Cursed families are long-serving denizens of Gothic horror storytelling, dating all the way back to Horace Walpole’s trendsetting 1764 novel The Castle of Otranto. Whether that’s a legacy of evil passed between generations, or a heritage of haunting that seeks to doom every member belonging to a particular bloodline, the genre has a storied history of strange families forced to pay for the transgressions of their ancestors. Furthermore, these stories often take place in old manors or estates whose long corridors and secret passages serve as a fitting setting for things to go bump in the night. Director Brian O’Malley follows his impressive 2014 debut, Let Us Prey, with such a tale of terror, and it’s a good one at that.
Written (and scored) by Irish academic and musician David Turpin, The Lodgers is a haunted house story that will resonate with fans of movies like The Innocents (1961), The Haunting (1963) and The Orphanage (2007), as well Gothic-tinged dramas such as The Duke of Burgundy (2014). There are also literary traces reminiscent of Oscar Wilde, Shirley Jackson, Jean Cocteau and a host of other complementary visionaries. Imagine The Haunting of Hill House (1959 ) meets Les Enfants Terribles (1929) and you get a brief idea of the myriad of influences The Lodgers encompasses, albeit implemented in such a way that the film carves its own identity in the grand pantheon of Gothic horror pictures.

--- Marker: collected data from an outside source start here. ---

lemma measure_unit_interval_ball_ge:
  fixes x y :: real
  assumes "x \<in> {0..1}" "y \<in> {0..1}"
  shows "\<bar>x - y\<bar> \<le> measure lborel {z \<in> {0..1}. \<bar>x - z\<bar> < \<bar>x - y\<bar>}"
proof -
  have "{z \<in> {0..1}. \<bar>x - z\<bar> < \<bar>x - y\<bar>} \<in> fmeasurable lborel"
    by (rule fmeasurableI2[OF fmeasurable_cbox[of 0 1]]) (auto simp: cbox_interval)
  moreover have "{min x y<..<max x y} \<subseteq> {z \<in> {0..1}. \<bar>x - z\<bar> < \<bar>x - y\<bar>}"
    using assms by auto
  ultimately have "measure lborel {min x y<..<max x y} \<le> measure lborel {z \<in> {0..1}. \<bar>x - z\<bar> < \<bar>x - y\<bar>}"
    by (intro measure_mono_fmeasurable) auto
  then show ?thesis
    by (simp add: max_def min_def split: if_splits)
qed

lemma besov_weight_le_powr:
  fixes c x y :: real
  assumes c: "0 \<le> c" and xy: "x \<in> {0..1}" "y \<in> {0..1}"
  shows "c / (\<bar>x - y\<bar> powr s * measure lborel {z \<in> {0..1}. \<bar>x - z\<bar> < \<bar>x - y\<bar>})
     \<le> c * \<bar>x - y\<bar> powr (-1-s)"
proof (cases "x = y")
  case False
  let ?m = "measure lborel {z \<in> {0..1}. \<bar>x - z\<bar> < \<bar>x - y\<bar>}"
  have le: "\<bar>x - y\<bar> powr (1 + s) \<le> \<bar>x - y\<bar> powr s * ?m"
    using mult_left_mono[OF measure_unit_interval_ball_ge[OF xy], of "\<bar>x - y\<bar> powr s"]
    by (simp add: powr_add mult.commute)
  have pos: "0 < \<bar>x - y\<bar> powr (1 + s)"
    using False by simp
  have "c / (\<bar>x - y\<bar> powr s * ?m) \<le> c / \<bar>x - y\<bar> powr (1 + s)"
    by (rule divide_left_mono[OF le c], rule mult_pos_pos) (use le pos in linarith)+
  also have "\<dots> = c * \<bar>x - y\<bar> powr (-1-s)"
    using powr_minus_divide[of "\<bar>x - y\<bar>" "1 + s"] by simp
  finally show ?thesis .
qed simp
lemma row_step_U:
  fixes c d A B C :: real
  assumes A: "A = 0 \<or> 1 \<le> A" and C: "C = 0 \<or> 1 \<le> C" and B: "1 \<le> B"
    and AB: "A = 0 \<Longrightarrow> B = 1" and CB: "C = 0 \<Longrightarrow> B = 1"
    and row: "axis_unit (c,d) \<or> same_sign_ge_1 (c,d)"
  shows "axis_unit (c*A + d*B, - c*B - d*C) \<or> opposite_sign_ge_1 (c*A + d*B, - c*B - d*C)"
proof -
  have nonneg: "axis_unit (c*A + d*B, - c*B - d*C) \<or> opposite_sign_ge_1 (c*A + d*B, - c*B - d*C)"
    if "(c = 0 \<and> d = 1) \<or> (c = 1 \<and> d = 0) \<or> (1 \<le> c \<and> 1 \<le> d)" for c d
    using that
  proof (elim disjE conjE)
    assume "1 \<le> c" "1 \<le> d"
    moreover have "1 \<le> d * B" "1 \<le> c * B"
      using calculation B mult_mono[of 1 _ 1 B] by simp_all
    moreover have "0 \<le> c * A" "0 \<le> d * C"
      using calculation A C by auto
    ultimately show ?thesis by simp
  qed (use A B C AB CB in auto)
  \<comment> \<open>Both invariants are symmetric under \<open>(c, d) \<mapsto> (-c, -d)\<close>.\<close>
  from row consider "(c = 0 \<and> d = 1) \<or> (c = 1 \<and> d = 0) \<or> (1 \<le> c \<and> 1 \<le> d)"
    | "(-c = 0 \<and> -d = 1) \<or> (-c = 1 \<and> -d = 0) \<or> (1 \<le> -c \<and> 1 \<le> -d)"
    by fastforce
  then show ?thesis
  proof cases
    case 1
    then show ?thesis by (rule nonneg)
  next
    case 2
    from nonneg[OF this] show ?thesis by (auto simp: algebra_simps)
  qed
qed

lemma bottom_row_step_U:
  assumes p: "2 \<le> p" and k: "1 \<le> k" "k < p"
    and row: "axis_unit (bottom_row M) \<or> same_sign_ge_1 (bottom_row M)"
  shows "axis_unit (bottom_row (mmul M (mpow_nat (matU p) k)))
    \<or> opposite_sign_ge_1 (bottom_row (mmul M (mpow_nat (matU p) k)))"
proof -
  obtain a b c d where M: "M = (a,b,c,d)" by (cases M)
  define A where "A = sin_ratio p (int k + 1)"
  define B where "B = sin_ratio p k"
  define C where "C = sin_ratio p (int k - 1)"
  have A: "A = 0 \<or> 1 \<le> A" and C: "C = 0 \<or> 1 \<le> C"
    unfolding A_def C_def using k by (intro sin_ratio_zero_or_ge_1[OF p]; simp)+
  have B: "1 \<le> B" unfolding B_def using k by (intro sin_ratio_ge_1[OF p]) auto
  have AB: "B = 1" if "A = 0"
  proof -
    have "int k = int p - 1"
      using sin_ratio_ge_1[OF p, of "int k + 1"] that k unfolding A_def by fastforce
    then show ?thesis using sin_ratio_values[OF p] B_def by simp
  qed
  have CB: "B = 1" if "C = 0"
  proof -
    have "k = 1"
      using sin_ratio_ge_1[OF p, of "int k - 1"] that k unfolding C_def by fastforce
    then show ?thesis using sin_ratio_values[OF p] B_def by simp
  qed
  have "bottom_row (mmul M (mpow_nat (matU p) k)) = (c*A + d*B, - c*B - d*C)"
    unfolding M matU_pow[OF p] A_def B_def C_def by (simp add: algebra_simps)
  with row_step_U[OF A C B AB CB] row M show ?thesis by simp
qed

Set in 1920, the story follows the orphaned twins, Rachel (Charlotte Vega) and Edward (Bill Milner), who live in an old family estate in rural Ireland, bound by an ancestral supernatural curse which forbids them to ever leave. They also must abide by three rules or else incur the wrath of the titular Lodgers: bed before midnight; no outsiders on the premises; never leave. Rachel, however, wants to break free, but she can’t convince her brother to make the daring escape. But when war hero Sean (Eugene Simon) arrives in the nearby village and steals her heart, she starts breaking the rules and that doesn’t go down well with the resident ghostly tyrants or her brother.

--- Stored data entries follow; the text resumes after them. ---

(* Let $\mu,\nu,k$ be integers with $0\le k\le \mu<\nu$. Let $J_k^*:\mathcal{H}_{\mu+\nu-2k}\to\mathcal{H}_\mu\otimes\mathcal{H}_\nu$ be the Hilbert space adjoint of $J_k$ and let $1$ denote the constant function in $\mathcal{H}_{\mu+\nu-2k}$. Then $$J_k\big(J_k^*(1)\big)(0)=\frac{k!\,(\mu+\nu-2k+2)_k}{(-\nu)_k\,(-\mu)_k}.$$
   Context: For an integer $\tau\ge 0$, $\mathcal{H}_\tau$ is the space of polynomials in one complex variable of degree at most $\tau$, with inner product $\langle f,g\rangle=\int_{\mathbb{C}} f\,\overline{g}\,d\iota_\tau$, where $d\iota_\tau(z)=\frac{\tau+1}{(1+|z|^2)^{\tau}}\frac{dA(z)}{\pi(1+|z|^2)^2}$ and $dA$ is Lebesgue measure on $\mathbb{C}$. The tensor product $\mathcal{H}_\mu\otimes\mathcal{H}_\nu$ is realized as the space of polynomials $F(z,w)$ of degree $\le\mu$ in $z$ and $\le\nu$ in $w$ with the inner product of $L^2(d\iota_\mu(z)\,d\iota_\nu(w))$. The map $J_k:\mathcal{H}_\mu\otimes\mathcal{H}_\nu\to\mathcal{H}_{\mu+\nu-2k}$ is $$J_k(F)(\xi)=\int_{\mathbb{C}^2}F(z,w)(\overline{z}-\overline{w})^k(1+\xi\overline{z})^{\mu-k}(1+\xi\overline{w})^{\nu-k}\,d\iota_\mu(z)\,d\iota_\nu(w).$$ $(a)_n=a(a+1)\cdots(a+n-1)$ denotes the rising Pochhammer symbol. *)

theory Defs
  imports "HOL-Analysis.Analysis"
begin

definition iota :: "nat \<Rightarrow> complex measure" where
  "iota \<tau> = density lborel
     (\<lambda>z. ennreal ((real \<tau> + 1) / (pi * (1 + (cmod z)\<^sup>2) ^ (\<tau> + 2))))"

definition Hspace :: "nat \<Rightarrow> (complex \<Rightarrow> complex) set" where
  "Hspace \<tau> = {f. \<exists>c :: nat \<Rightarrow> complex. f = (\<lambda>z. \<Sum>i\<le>\<tau>. c i * z ^ i)}"

definition innerH :: "nat \<Rightarrow> (complex \<Rightarrow> complex) \<Rightarrow> (complex \<Rightarrow> complex) \<Rightarrow> complex" where
  "innerH \<tau> f g = (LINT z | iota \<tau>. f z * cnj (g z))"

text \<open>H_mu tensor H_nu: polynomials F(z,w) of degree at most mu in z and at most nu in w.\<close>
definition Tspace :: "nat \<Rightarrow> nat \<Rightarrow> (complex \<times> complex \<Rightarrow> complex) set" where
  "Tspace \<mu> \<nu> = {F. \<exists>c :: nat \<Rightarrow> nat \<Rightarrow> complex.
      F = (\<lambda>(z, w). \<Sum>i\<le>\<mu>. \<Sum>j\<le>\<nu>. c i j * z ^ i * w ^ j)}"

definition innerT :: "nat \<Rightarrow> nat \<Rightarrow> (complex \<times> complex \<Rightarrow> complex)
    \<Rightarrow> (complex \<times> complex \<Rightarrow> complex) \<Rightarrow> complex" where
  "innerT \<mu> \<nu> F G = (LINT p | (iota \<mu> \<Otimes>\<^sub>M iota \<nu>). F p * cnj (G p))"

definition Jk :: "nat \<Rightarrow> nat \<Rightarrow> nat \<Rightarrow> (complex \<times> complex \<Rightarrow> complex) \<Rightarrow> complex \<Rightarrow> complex" where
  "Jk \<mu> \<nu> k F \<xi> = (LINT p | (iota \<mu> \<Otimes>\<^sub>M iota \<nu>).
      F p * (cnj (fst p) - cnj (snd p)) ^ k * (1 + \<xi> * cnj (fst p)) ^ (\<mu> - k)
        * (1 + \<xi> * cnj (snd p)) ^ (\<nu> - k))"

definition Jk_adj :: "nat \<Rightarrow> nat \<Rightarrow> nat \<Rightarrow> (complex \<Rightarrow> complex) \<Rightarrow> complex \<times> complex \<Rightarrow> complex" where
  "Jk_adj \<mu> \<nu> k g = (THE G. G \<in> Tspace \<mu> \<nu> \<and>
      (\<forall>F\<in>Tspace \<mu> \<nu>. innerH (\<mu> + \<nu> - 2 * k) (Jk \<mu> \<nu> k F) g = innerT \<mu> \<nu> F G))"

end

theory Submission
  imports Defs "HOL-Computational_Algebra.Formal_Power_Series"
begin

(*
  The monomials z^i w^j are orthogonal in H_mu (x) H_nu, with squared norms
  1 / (binom(mu, i) binom(nu, j)): the off-diagonal moments of iota_tau vanish because
  iota_tau is invariant under rotations z |-> u z, and the diagonal ones reduce, through the
  radial variable t = |z|^2, to the beta integral of t^a / (1 + t)^(tau + 2) over [0, oo).

  Expanding J_k F (xi) in powers of xi and integrating against iota_(mu+nu-2k) keeps only the
  constant term J_k F (0) = <F, (z - w)^k>, so J_k^*(1) = (z - w)^k.  Hence
  J_k (J_k^* 1)(0) = ||(z - w)^k||^2 = sum_i binom(k, i)^2 / (binom(mu, i) binom(nu, k - i)),
  and a Chu-Vandermonde convolution evaluates this sum to the stated Pochhammer quotient.
*)

lemma diff_power_binomial:
  fixes a b :: "'a::comm_ring_1"
  shows "(a - b) ^ k = (\<Sum>r\<le>k. of_nat (k choose r) * (- 1) ^ (k - r) * a ^ r * b ^ (k - r))"
  using binomial_ring[of a "- b" k] by (simp add: power_minus[of b] mult_ac)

The Lodgers is a film that oozes with eerie atmosphere, gloomy visuals and a forbidden sexual undercurrent. The film’s spooky mythology is fascinating, though this isn’t a conventional haunted house yarn. Instead, O’Malley and Turpin use the supernatural components as a backdrop while examining repressed desire and how to cope with it. The heart of the story is Rachel’s coming-of-age transcendence; she’s on the brink of adulthood, on the cusp of her sexual awakening, and keen to explore the wider world. Yet still feels shackled by a duty to her brother who relies on her, which means she’s forced to negotiate with her own inner desires. Of course, with this being a story of siblings trapped in a house together, alone, for the entirety of their lives, there are moments of uncomfortable tension with incestuous connotations, which provides as many chills as the oft-surreal supernatural sequences. If there’s one thing that’s more disturbing than oppressive ghosts, it’s incest.

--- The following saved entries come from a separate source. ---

lemma measure_next_renewal_le:
  assumes "l \<le> k"
  shows "measure M {\<omega>\<in>space M. J n \<omega> = j \<and> S n \<omega> = l \<and> J 0 \<omega> = i \<and> S (Suc n) \<omega> \<le> k}
    = Hdist s q j (k - l) * measure M {\<omega>\<in>space M. J n \<omega> = j \<and> S n \<omega> = l \<and> J 0 \<omega> = i}"
proof -
  let ?E = "\<lambda>\<omega>. J n \<omega> = j \<and> S n \<omega> = l \<and> J 0 \<omega> = i"
  let ?X = "{1..s} \<times> {d. d \<le> k - l}"
  have "measure M {\<omega>\<in>space M. ?E \<omega> \<and> S (Suc n) \<omega> \<le> k}
      = (\<Sum>x\<in>?X. measure M {\<omega>\<in>space M. (?E \<omega> \<and> S (Suc n) \<omega> \<le> k) \<and>
                                      (J (Suc n) \<omega>, S (Suc n) \<omega> - S n \<omega>) = x})"
  proof (rule measure_eq_sum_over_values)
    show "finite ?X"
      using finite_le_fun by blast
    show "(J (Suc n) \<omega>, S (Suc n) \<omega> - S n \<omega>) \<in> ?X"
      if "\<omega> \<in> space M" "?E \<omega> \<and> S (Suc n) \<omega> \<le> k" for \<omega>
      using that assms J_range by (auto simp: diff_fun_le_diff_iff)
  qed (auto simp: prod_eq_iff)
  also have "\<dots> = (\<Sum>(j', d)\<in>?X. measure M {\<omega>\<in>space M. ?E \<omega> \<and> J (Suc n) \<omega> = j' \<and> S (Suc n) \<omega> - S n \<omega> = d})"
  proof (rule sum.cong[OF refl], clarify)
    fix d j' assume "d \<le> k - l"
    then have "S (Suc n) \<omega> \<le> k" if "S (Suc n) \<omega> - l = d" for \<omega>
      using that \<open>d \<le> k - l\<close> diff_fun_le_diff_iff[OF assms, of "S (Suc n) \<omega>"] by simp
    then show "measure M {\<omega>\<in>space M. (?E \<omega> \<and> S (Suc n) \<omega> \<le> k) \<and> (J (Suc n) \<omega>, S (Suc n) \<omega> - S n \<omega>) = (j', d)}
        = measure M {\<omega>\<in>space M. ?E \<omega> \<and> J (Suc n) \<omega> = j' \<and> S (Suc n) \<omega> - S n \<omega> = d}"
      by (intro arg_cong[where f = "measure M"]) auto
  qed
  also have "\<dots> = Hdist s q j (k - l) * measure M {\<omega>\<in>space M. ?E \<omega>}"
    by (simp add: markov_step Hdist_def sum.cartesian_product sum_distrib_right case_prod_beta)
  finally show ?thesis
    by simp
qed

lemma measure_last_renewal:
  assumes "l \<le> k"
  shows "measure M {\<omega>\<in>space M. J n \<omega> = j \<and> S n \<omega> = l \<and> J 0 \<omega> = i \<and> \<not> S (Suc n) \<omega> \<le> k}
    = convpow s q n l i j * (1 - Hdist s q j (k - l)) * measure M {\<omega>\<in>space M. J 0 \<omega> = i}"
proof -
  let ?E = "{\<omega>\<in>space M. J n \<omega> = j \<and> S n \<omega> = l \<and> J 0 \<omega> = i}"
  let ?F = "{\<omega>\<in>space M. J n \<omega> = j \<and> S n \<omega> = l \<and> J 0 \<omega> = i \<and> S (Suc n) \<omega> \<le> k}"
  have "{\<omega>\<in>space M. J n \<omega> = j \<and> S n \<omega> = l \<and> J 0 \<omega> = i \<and> \<not> S (Suc n) \<omega> \<le> k} = ?E - ?F"
    by auto
  moreover have "measure M (?E - ?F) = measure M ?E - measure M ?F"
    by (rule finite_measure_Diff) auto
  ultimately show ?thesis
    by (simp add: measure_next_renewal_le[OF assms] measure_J_S_eq_convpow algebra_simps)
qed

(* q^(n)(l) vanishes for n > |l| because S_n grows strictly; this is read off the chain itself,
   hence the initial state of positive probability. *)
lemma convpow_eq_0:
  assumes "measure M {\<omega>\<in>space M. J 0 \<omega> = i} > 0" and "sum l UNIV < n"
  shows "convpow s q n l i j = 0"
proof -
  have empty: "{\<omega>\<in>space M. J n \<omega> = j \<and> S n \<omega> = l \<and> J 0 \<omega> = i} = {}"
    using assms(2) by (auto dest: index_le_sum_S[of _ n])
  show ?thesis
    using measure_J_S_eq_convpow[of n j l i] assms(1) unfolding empty by simp
qed

lemma useq_eq_sum_convpow:
  assumes "measure M {\<omega>\<in>space M. J 0 \<omega> = i} > 0" and "sum l UNIV \<le> N"
  shows "useq s q l i j = (\<Sum>n\<le>N. convpow s q n l i j)"
  unfolding useq_def using assms by (intro suminf_finite) (auto intro: convpow_eq_0)

lemma measure_Zsm_eq_sum_last_renewal:
  "measure M {\<omega>\<in>space M. Zsm J S k \<omega> = j \<and> J 0 \<omega> = i}
   = (\<Sum>(l, n)\<in>{l. l \<le> k} \<times> {..sum k UNIV}.
        measure M {\<omega>\<in>space M. J n \<omega> = j \<and> S n \<omega> = l \<and> J 0 \<omega> = i \<and> \<not> S (Suc n) \<omega> \<le> k})"
proof -
  let ?X = "{l. l \<le> k} \<times> {..sum k UNIV}"
  let ?last = "\<lambda>\<omega>. (S (Ncount S k \<omega>) \<omega>, Ncount S k \<omega>)"
  have pieces: "{\<omega>\<in>space M. (Zsm J S k \<omega> = j \<and> J 0 \<omega> = i) \<and> ?last \<omega> = (l, n)}
      = {\<omega>\<in>space M. J n \<omega> = j \<and> S n \<omega> = l \<and> J 0 \<omega> = i \<and> \<not> S (Suc n) \<omega> \<le> k}"
    if "l \<le> k" for l n
  proof -
    have "(Zsm J S k \<omega> = j \<and> J 0 \<omega> = i) \<and> ?last \<omega> = (l, n)
        \<longleftrightarrow> J n \<omega> = j \<and> S n \<omega> = l \<and> J 0 \<omega> = i \<and> \<not> S (Suc n) \<omega> \<le> k" if "\<omega> \<in> space M" for \<omega>
      using Ncount_eq_iff[OF that, of k n] \<open>l \<le> k\<close> by (auto simp: Zsm_def)
    then show ?thesis
      by auto
  qed
  have "measure M {\<omega>\<in>space M. Zsm J S k \<omega> = j \<and> J 0 \<omega> = i}
      = (\<Sum>x\<in>?X. measure M {\<omega>\<in>space M. (Zsm J S k \<omega> = j \<and> J 0 \<omega> = i) \<and> ?last \<omega> = x})"
  proof (rule measure_eq_sum_over_values)
    show "finite ?X"
      using finite_le_fun by blast
    show "?last \<omega> \<in> ?X" if "\<omega> \<in> space M" for \<omega>
      using Ncount_eq_iff[OF that] S_le_imp_index_le_sum[OF that] by auto
    show "{\<omega>\<in>space M. (Zsm J S k \<omega> = j \<and> J 0 \<omega> = i) \<and> ?last \<omega> = x} \<in> sets M"
      if "x \<in> ?X" for x
    proof (cases x)
      case (Pair l n)
      with that have "l \<le> k"
        by simp
      show ?thesis
        unfolding Pair pieces[OF \<open>l \<le> k\<close>] by measurable
    qed
  qed
  also have "\<dots> = (\<Sum>(l, n)\<in>?X.
      measure M {\<omega>\<in>space M. J n \<omega> = j \<and> S n \<omega> = l \<and> J 0 \<omega> = i \<and> \<not> S (Suc n) \<omega> \<le> k})"
    by (rule sum.cong[OF refl]) (clarsimp simp only: pieces)
  finally show ?thesis .
qed

lemma measure_Zsm_eq_conv:
  assumes "j \<in> {1..s}" and pos: "measure M {\<omega>\<in>space M. J 0 \<omega> = i} > 0"
  shows "measure M {\<omega>\<in>space M. Zsm J S k \<omega> = j \<and> J 0 \<omega> = i}
    = conv s (useq s q) (Htilde s q) k i j * measure M {\<omega>\<in>space M. J 0 \<omega> = i}"
proof -
  define N where "N = sum k UNIV"
  let ?c = "measure M {\<omega>\<in>space M. J 0 \<omega> = i}"
  have "measure M {\<omega>\<in>space M. Zsm J S k \<omega> = j \<and> J 0 \<omega> = i}
      = (\<Sum>(l, n)\<in>{l. l \<le> k} \<times> {..N}. convpow s q n l i j * (1 - Hdist s q j (k - l)) * ?c)"
    unfolding measure_Zsm_eq_sum_last_renewal N_def
    by (rule sum.cong[OF refl]) (auto simp: measure_last_renewal)
  also have "\<dots> = (\<Sum>l | l \<le> k. (\<Sum>n\<le>N. convpow s q n l i j) * (1 - Hdist s q j (k - l)) * ?c)"
    by (simp add: sum.cartesian_product[symmetric] sum_distrib_right)
  also have "\<dots> = (\<Sum>l | l \<le> k. useq s q l i j * (1 - Hdist s q j (k - l)) * ?c)"
  proof (rule sum.cong[OF refl])
    fix l assume "l \<in> {l. l \<le> k}"
    then have "useq s q l i j = (\<Sum>n\<le>N. convpow s q n l i j)"
      using pos by (intro useq_eq_sum_convpow) (auto simp: N_def le_fun_def intro: sum_mono)
    then show "(\<Sum>n\<le>N. convpow s q n l i j) * (1 - Hdist s q j (k - l)) * ?c
        = useq s q l i j * (1 - Hdist s q j (k - l)) * ?c"
      by simp
  qed
  also have "\<dots> = conv s (useq s q) (Htilde s q) k i j * ?c"
    using assms(1) by (simp add: conv_def Htilde_def if_distrib sum_distrib_right cong: if_cong)
  finally show ?thesis .
qed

The house in which the film takes place is Ireland’s Loftus Hall, a manor said to be haunted by the devil and the ghost of a 17th Century woman. Nowadays it’s tourist attraction for those who are interested in supernatural hot spots, but it’s been maintained to look and feel like a relic from another time. Therefore, the property provides a natural setting for an old-fashioned period ghost story. The Lodgers does a good job of recreating the era in which it’s set — from the setting, costumes and dialect, to the country’s attitudes towards troubled Anglo-Saxon relations at the time.
That said, those looking for a traditional horror narrative might be disappointed. The Lodgers blurs the line between the supernatural and the psychological without ever fully revealing the true extent of the characters’ dilemma — whether it’s really a powerful curse or delusional brought on by the trauma of losing their parents at a young age and no adult guardian to look after them afterwards. For some, this is what will make The Lodgers fascinating, but it might be frustrating for others. Either way, it’s bound to inspire some good debates and conversations within the community.
While I very much enjoyed The Lodgers, it is a film that demands more than one sitting to fully appreciate in order to make sense of what’s happening, as there is more going on than initially meets the eye. Those who appreciate Gothic-laden scare fare will find it alluring, while those seeking something challenging will find a movie that provides some food for thought and plenty of material to dissect. It’s the right amount of accessible and unconventional, and a worthy addition to genre cinema’s rich history of haunted hallways and estranged families.
The Lodgers will be released on Feb. 23 courtesy of Dread Central Presents and Epic Pictures.